The term Media Facade is often associated with over-dimensional screens and animated, illuminated advertising, and places like Times Square, the Strip in Las Vegas and Hong Kong are trailblazers for this media architecture. The façade itself is dematerialized and turned into one huge advertising medium for sending messages. At the onset of dusk the building moves into the background and serves only as a backdrop for the light show which then becomes the main attraction. Media facades can evoke the most diverse emotions, from a big city feeling to annoyance at light pollution. They are also seen as tourist attractions, Pop Art or as eye sores.
Architecture tends to use media facades more and more as a stylistic feature. What used to be applied to facades after construction more in the way of a blemish is now part of the planning process and offers new scope for visionary design which coined the term 'Mediatecture'.

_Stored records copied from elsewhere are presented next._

(* Let $U=\mathbb{C}[[t]][t^{-1}]$ (formal Laurent series $a(t)$ in $t$), regarded as a differential commutative associative algebra with unit $1$ and derivation $\partial = d/dt$, and hence as a commutative vertex algebra with vacuum $1$, translation operator $\partial$, and $$Y(a(t),z)\,b(t)=(e^{z\partial}a(t))\,b(t)=i_{|z|<|t|}\,a(t+z)\,b(t),\qquad a(t),b(t)\in U,$$ where $i_{|z|<|t|}$ means expanding $a(t+z)$ in positive powers of $z/t$. Let $N=\mathbb{C}[\partial]\,n$ be a free $\mathbb{C}[\partial]$-module of rank $1$. Then there exists a unique vertex algebra structure on the $\mathbb{C}[\partial]$-module $V=U\oplus N$ (with translation operator $T=\partial$) such that $$Y(a(t),z)\,b(t)=i_{|z|<|t|}\,a(t+z)\,b(t),\qquad Y(n,z)\,n=0,\qquad Y(a(t),z)\,n=a(z)\,n$$ for all $a(t),b(t)\in U$. Moreover, the central series of the underlying Lie conformal algebra $V^{\mathrm{lie}}$ of $V$ (with $\lambda$-bracket $[a_\lambda b]=\sum_{n\ge 0}\frac{\lambda^n}{n!}a_{(n)}b$) stabilizes to $N$.
   Context: Work over $\mathbb{C}$. A vertex algebra is a vector space with vacuum vector, infinitesimal translation operator $T$ and state-field correspondence $Y(a,z)=\sum_n a_{(n)}z^{-n-1}$ satisfying vacuum, translation invariance and locality axioms. The central series of a Lie conformal algebra $L$ is $L^{[0]}=L$, $L^{[k+1]}=[L,L^{[k]}]$, where $[A,B]$ is the $\mathbb{C}[\partial]$-submodule generated by all $a_{(j)}b$, $a\in A$, $b\in B$, $j\ge 0$; for finite (finitely generated over $\mathbb{C}[\partial]$) Lie conformal algebras it stabilizes to an ideal $L^{[\infty]}$. *)

theory Defs
  imports Complex_Main "HOL-Library.Product_Plus"
    "HOL-Computational_Algebra.Formal_Laurent_Series"
    "HOL-Computational_Algebra.Polynomial"
begin

text \<open>A vertex algebra on an additive group 'v with complex scalar multiplication sm,
  vacuum vac, translation operator T, and n-th products Y n a b = a_(n) b
  (so Y(a,z) b = sum over n of a_(n) b z^(-n-1)).\<close>

definition vertex_algebra ::
  "(complex \<Rightarrow> 'v::ab_group_add \<Rightarrow> 'v) \<Rightarrow> 'v \<Rightarrow> ('v \<Rightarrow> 'v) \<Rightarrow> (int \<Rightarrow> 'v \<Rightarrow> 'v \<Rightarrow> 'v) \<Rightarrow> bool"
where
  "vertex_algebra sm vac T Y \<longleftrightarrow>
     \<comment> \<open>bilinearity of the products\<close>
     (\<forall>n a b c. Y n (a + b) c = Y n a c + Y n b c) \<and>
     (\<forall>n k a c. Y n (sm k a) c = sm k (Y n a c)) \<and>
     (\<forall>n a b c. Y n a (b + c) = Y n a b + Y n a c) \<and>
     (\<forall>n k a c. Y n a (sm k c) = sm k (Y n a c)) \<and>
     \<comment> \<open>Y(a,z) is a field: a_(n) b = 0 for n large\<close>
     (\<forall>a b. \<exists>N. \<forall>n\<ge>N. Y n a b = 0) \<and>
     \<comment> \<open>vacuum axioms\<close>
     T vac = 0 \<and>
     (\<forall>n a. Y n vac a = (if n = -1 then a else 0)) \<and>
     (\<forall>n a. n \<ge> 0 \<longrightarrow> Y n a vac = 0) \<and>
     (\<forall>a. Y (-1) a vac = a) \<and>
     \<comment> \<open>translation invariance: [T, Y(a,z)] = d/dz Y(a,z)\<close>
     (\<forall>n a b. T (Y n a b) - Y n a (T b) = sm (- of_int n) (Y (n - 1) a b)) \<and>
     \<comment> \<open>locality: (z-w)^N [Y(a,z),Y(b,w)] = 0 for some N\<close>
     (\<forall>a b. \<exists>N::nat. \<forall>m n c.
        (\<Sum>j\<in>{0..N}. sm ((-1) ^ j * of_nat (N choose j))
            (Y (m + int N - int j) a (Y (n + int j) b c)
             - Y (n + int j) b (Y (m + int N - int j) a c))) = 0)"

definition cd_span :: "(complex \<Rightarrow> 'v::ab_group_add \<Rightarrow> 'v) \<Rightarrow> ('v \<Rightarrow> 'v) \<Rightarrow> 'v set \<Rightarrow> 'v set"
where
  "cd_span sm T S = \<Inter>{M. S \<subseteq> M \<and> 0 \<in> M \<and> (\<forall>x\<in>M. \<forall>y\<in>M. x + y \<in> M)
       \<and> (\<forall>k. \<forall>x\<in>M. sm k x \<in> M) \<and> (\<forall>x\<in>M. T x \<in> M)}"

text \<open>[A,B] = C[d]-submodule generated by all a_(j) b, a in A, b in B, j \<ge> 0
  (the coefficients of the lambda-bracket).\<close>
definition conf_bracket ::
  "(complex \<Rightarrow> 'v::ab_group_add \<Rightarrow> 'v) \<Rightarrow> ('v \<Rightarrow> 'v) \<Rightarrow> (int \<Rightarrow> 'v \<Rightarrow> 'v \<Rightarrow> 'v) \<Rightarrow> 'v set \<Rightarrow> 'v set \<Rightarrow> 'v set"
where
  "conf_bracket sm T Y A B = cd_span sm T {Y j a b | j a b. j \<ge> 0 \<and> a \<in> A \<and> b \<in> B}"

fun central_series ::
  "(complex \<Rightarrow> 'v::ab_group_add \<Rightarrow> 'v) \<Rightarrow> ('v \<Rightarrow> 'v) \<Rightarrow> (int \<Rightarrow> 'v \<Rightarrow> 'v \<Rightarrow> 'v) \<Rightarrow> nat \<Rightarrow> 'v set"
where
  "central_series sm T Y 0 = UNIV"
| "central_series sm T Y (Suc k) = conf_bracket sm T Y UNIV (central_series sm T Y k)"

text \<open>U = C((t)) is complex fls; N = C[d] n is represented by polynomials:
  (0, p) stands for p(d) n.\<close>
type_synonym V = "complex fls \<times> complex poly"

definition V_smult :: "complex \<Rightarrow> V \<Rightarrow> V" where
  "V_smult c x = (fls_const c * fst x, smult c (snd x))"

definition V_T :: "V \<Rightarrow> V" where
  "V_T x = (fls_deriv (fst x), pCons 0 (snd x))"

definition V_vac :: V where "V_vac = (1, 0)"

definition V_n :: V where "V_n = (0, 1)"

text \<open>The n-th products on U given by Y(a(t),z) b(t) = (e^{z d} a(t)) b(t):
  a_(-k-1) b = (d^k a / k!) b and a_(n) b = 0 for n \<ge> 0.\<close>
definition U_prod :: "int \<Rightarrow> complex fls \<Rightarrow> complex fls \<Rightarrow> complex fls" where
  "U_prod n a b = (if n \<ge> 0 then 0
     else fls_const (1 / of_nat (fact (nat (- n - 1)))) * (fls_deriv ^^ nat (- n - 1)) a * b)"

definition V_structure :: "(int \<Rightarrow> V \<Rightarrow> V \<Rightarrow> V) \<Rightarrow> bool" where
  "V_structure Y \<longleftrightarrow> vertex_algebra V_smult V_vac V_T Y
     \<and> (\<forall>n a b. Y n (a, 0) (b, 0) = (U_prod n a b, 0))
     \<and> (\<forall>n. Y n V_n V_n = 0)
     \<and> (\<forall>n a. Y n (a, 0) V_n = (0, [:fls_nth a (- n - 1):]))"

end

theory Submission
  imports Defs
begin

text \<open>
  Existence: the products inside U are prescribed, u_(m) n = u_{-m-1} n is forced, and
  translation covariance and skew-symmetry extend these to u_(m) (q(d) n) and (p(d) n)_(m) v,
  which are written down in closed form. Everything except locality is then a computation with
  coefficients. For locality, U is commutative and N_(m) N = 0, so only the commutator of u_(m)
  with (q(d) n)_(k) acting on U matters. It vanishes when u is a power series and is a pure
  shift for u = 1/t; locality survives linear combinations and derivatives in u, and every
  Laurent series is a power series plus a finite combination of derivatives of 1/t.

  Uniqueness: translation covariance determines a_(m) (p(d) n) from a_(m) n, and locality
  applied to the vacuum expresses a_(m) b through the products b_(k) (a_(l) 1), whose right
  argument lies in N when a does.

  Central series: every product a_(j) b with j >= 0 lies in N, and (1/t)_(0) n = n, so
  [V, V] = [V, N] = N.
\<close>

unbundle fps_syntax

text \<open>If K m n is the coefficient of z^(-m-1) w^(-n-1) in a series K(z,w), then
  loc_sum sc N K m n is the corresponding coefficient of (z - w)^N K(z,w).\<close>
definition loc_sum ::
  "(complex \<Rightarrow> 'a \<Rightarrow> 'a) \<Rightarrow> nat \<Rightarrow> (int \<Rightarrow> int \<Rightarrow> 'a) \<Rightarrow> int \<Rightarrow> int \<Rightarrow> 'a::ab_group_add"
  where "loc_sum sc N K m n =
    (\<Sum>j\<in>{0..N}. sc ((-1) ^ j * of_nat (N choose j)) (K (m + int N - int j) (n + int j)))"

lemma loc_sum_0: "loc_sum sc 0 K m n = sc 1 (K m n)"
  by (simp add: loc_sum_def)
(* Let $(X,d,f)$ be a dynamical system and $\mathcal{A}=\{\mathcal{U}_n\}_{n\in\mathbb{N}}$ a tame defining sequence of $(X,d)$. (i) If $f$ has the shadowing property, then $f$ has the finite shadowing property and the inverse system $(\hookrightarrow,\mathcal{PO}(\mathcal{U}_n))$ satisfies the Mittag-Leffler Condition. (ii) Suppose in addition that $\mathcal{A}$ is complete and $f$ is uniformly continuous. If $f$ has the finite shadowing property and $(\hookrightarrow,\mathcal{PO}(\mathcal{U}_n))$ satisfies the Mittag-Leffler Condition, then $f$ has the shadowing property.
   Context: Spaces are nonempty separable metrizable; a dynamical system $(X,d,f)$ has admissible metric $d$ and continuous $f:X\to X$. A partition is a cover by pairwise disjoint nonempty clopen sets. A defining sequence is a sequence of partitions $\{\mathcal{U}_n\}$, each refining the previous, whose union is a basis; complete if nested sequences $U_n\in\mathcal{U}_n$ have nonempty intersection; tame if $\sup\{\operatorname{diam}O:O\in\mathcal{U}_n\}\to0$ and each $\mathcal{U}_n$ is $\rho_n$-separated for some $\rho_n>0$ (points of distinct elements are at distance $\ge\rho_n$). Shadowing notions: a $\delta$-pseudo-orbit is a finite or infinite sequence $(x_n)$ with $d(f(x_n),x_{n+1})<\delta$; it is $\varepsilon$-shadowed by $x$ if $d(f^n(x),x_n)<\varepsilon$ for all indices. Finite shadowing property: $\forall\varepsilon\,\exists\delta$ every finite $\delta$-pseudo-orbit is $\varepsilon$-shadowed; shadowing property: same for infinite ones. $\mathcal{PO}(\mathcal{U})=\{(O_i)_{i\in\mathbb{N}}\in\mathcal{U}^{\mathbb{N}}: f(O_i)\cap O_{i+1}\ne\emptyset\ \forall i\}$. The map $\hookrightarrow:\mathcal{PO}(\mathcal{U}_{n+1})\to\mathcal{PO}(\mathcal{U}_n)$ sends $(O_i)$ to the unique $(V_i)\in\mathcal{U}_n^{\mathbb{N}}$ with $O_i\subseteq V_i$. An inverse system $(g_m,X_m)$, $g_m:X_{m+1}\to X_m$, satisfies the Mittag-Leffler Condition if for every $N$ there is $k>N$ such that $g_N\circ\cdots\circ g_k(X_{k+1})=g_N\circ\cdots\circ g_i(X_{i+1})$ for all $i\ge k$. *)

theory Defs
  imports "HOL-Analysis.Analysis"
begin
lemma split_halves_Int:
  fixes a b e e' m :: "'a::euclidean_space"
  assumes nc: "\<not> collinear {a,b,e}" and nc': "\<not> collinear {a,b,e'}"
    and mab: "m \<in> open_segment a b"
    and ff: "convex hull {a,b,e} \<inter> convex hull {a,b,e'} \<subseteq> closed_segment a b"
    and z1: "z \<in> convex hull {a,m,e}" and z2: "z \<in> convex hull {m,b,e} \<union> convex hull {m,b,e'}"
  shows "z \<in> closed_segment e m"
proof (cases "z \<in> convex hull {m,b,e}")
  case True
  then show ?thesis using convex_hull_3_split_inter[OF nc mab z1] by blast
next
  case False
  then have z2': "z \<in> convex hull {b,m,e'}" using z2 by (simp add: insert_commute)
  have "m \<in> convex hull {a,b,e}" "m \<in> convex hull {a,b,e'}"
    using closed_segment_subset_convex_hull_3 open_closed_segment[OF mab] by blast+
  note m_in = this
  have "convex hull {a,m,e} \<subseteq> convex hull {a,b,e}" "convex hull {b,m,e'} \<subseteq> convex hull {a,b,e'}"
    by (rule convex_hull_3_subset; simp add: hull_inc m_in)+
  then have z_ab: "z \<in> closed_segment a b" using ff z1 z2' by blast
  have "z \<in> closed_segment a m"
    using convex_hull_3_split_inter_side[OF nc mab z1 z_ab] .
  moreover have "z \<in> closed_segment m b"
    using convex_hull_3_split_inter_side[of b a e' m z] nc' mab z2' z_ab
    by (simp add: insert_commute open_segment_commute closed_segment_commute)
  ultimately have "z = m" using Int_closed_segment open_closed_segment[OF mab] by blast
  then show ?thesis by simp
qed

lemma crossing_diagonals_new_triangles_Int:
  fixes a b c d m :: "'a::euclidean_space"
  assumes nc: "\<not> collinear {a,b,c}" "\<not> collinear {a,b,d}"
    and mab: "m \<in> open_segment a b" and mcd: "m \<in> open_segment c d"
    and ff: "convex hull {a,b,c} \<inter> convex hull {a,b,d} \<subseteq> closed_segment a b"
    and z1: "z \<in> convex hull {a,c,d}" and z2: "z \<in> convex hull {b,c,d}"
  shows "z \<in> closed_segment c d"
proof -
  have mc: "m \<in> closed_segment c d" using open_closed_segment[OF mcd] .
  then have sub: "closed_segment c m \<subseteq> closed_segment c d" "closed_segment d m \<subseteq> closed_segment c d"
    by (auto simp: subset_closed_segment closed_segment_commute)
  have z_b: "z \<in> convex hull {m,b,c} \<union> convex hull {m,b,d}"
    using convex_hull_3_split[OF mc, of b] z2 by (auto simp: insert_commute)
  have "z \<in> convex hull {a,m,c} \<or> z \<in> convex hull {a,m,d}"
    using convex_hull_3_split[OF mc, of a] z1 by (auto simp: insert_commute)
  then show ?thesis
  proof
    assume "z \<in> convex hull {a,m,c}"
    then have "z \<in> closed_segment c m" using split_halves_Int[OF nc mab ff] z_b by blast
    then show ?thesis using sub by blast
  next
    assume "z \<in> convex hull {a,m,d}"
    then have "z \<in> closed_segment d m" using split_halves_Int[OF nc(2,1) mab] ff z_b by blast
    then show ?thesis using sub by blast
  qed
qed

lemma crossing_diagonals_side_Int:
  fixes a b c d m :: "'a::euclidean_space"
  assumes nc1: "\<not> collinear {a,b,c}" and nc2: "\<not> collinear {a,b,d}"
    and mab: "m \<in> open_segment a b" and mcd: "m \<in> open_segment c d"
    and ff: "convex hull {a,b,c} \<inter> convex hull {a,b,d} \<subseteq> closed_segment a b"
    and z1: "z \<in> closed_segment b c" and z2: "z \<in> convex hull {a,c,d}"
  shows "z = c"
proof (cases "z \<in> convex hull {a,m,c}")
  case True
  then show ?thesis using closed_segment_Int_split_half[OF nc1 mab z1] by blast
next
  case False
  have mc: "m \<in> closed_segment c d" using open_closed_segment[OF mcd] .
  then have A: "z \<in> convex hull {a,m,d}"
    using False z2 convex_hull_3_split[OF mc, of a] by (auto simp: insert_commute)
  have "m \<in> convex hull {a,b,d}"
    using closed_segment_subset_convex_hull_3 open_closed_segment[OF mab] by blast
  note m_in = this
  have "convex hull {a,m,d} \<subseteq> convex hull {a,b,d}"
    by (rule convex_hull_3_subset; simp add: hull_inc m_in)+
  moreover have "closed_segment b c \<subseteq> convex hull {a,b,c}"
    using closed_segment_subset_convex_hull_3[of b c a] by (simp add: insert_commute)
  ultimately have "z \<in> closed_segment a b \<inter> closed_segment b c" using ff A z1 by blast
  then have "z = b" using Int_closed_segment nc1 by blast
  moreover have "b \<notin> convex hull {a,m,d}"
    using closed_segment_Int_split_half[OF nc2 mab, of b] nc2 by auto
  ultimately show ?thesis using A by simp
qed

Here we are will introduce the most significant ideas, projects and products.
Mechanical Media Surface
Screens and lighting elements generally offer a change of the three dimensional perception of an immobile object. The first known interactive media surface was, however, made up of a mechanical display and was the result of the work of a team of architects, engineers, mathematicians and programmers. It is precisely this spatial change that creates different surface images which makes the 'Aegis Hyposurface' so revolutionary. The display has been constructed using reflecting metal plates that are moved pneumatically and react in 'real-time' to electronic input. Sensors transfer impulses from the surroundings of the display and these are transmitted to a matrix of rotors to which the metal plates are attached. The movements of the spectators are transferred in 'real-time' to the display and transferred in exact detail into expressive, naturally looking flowing movements.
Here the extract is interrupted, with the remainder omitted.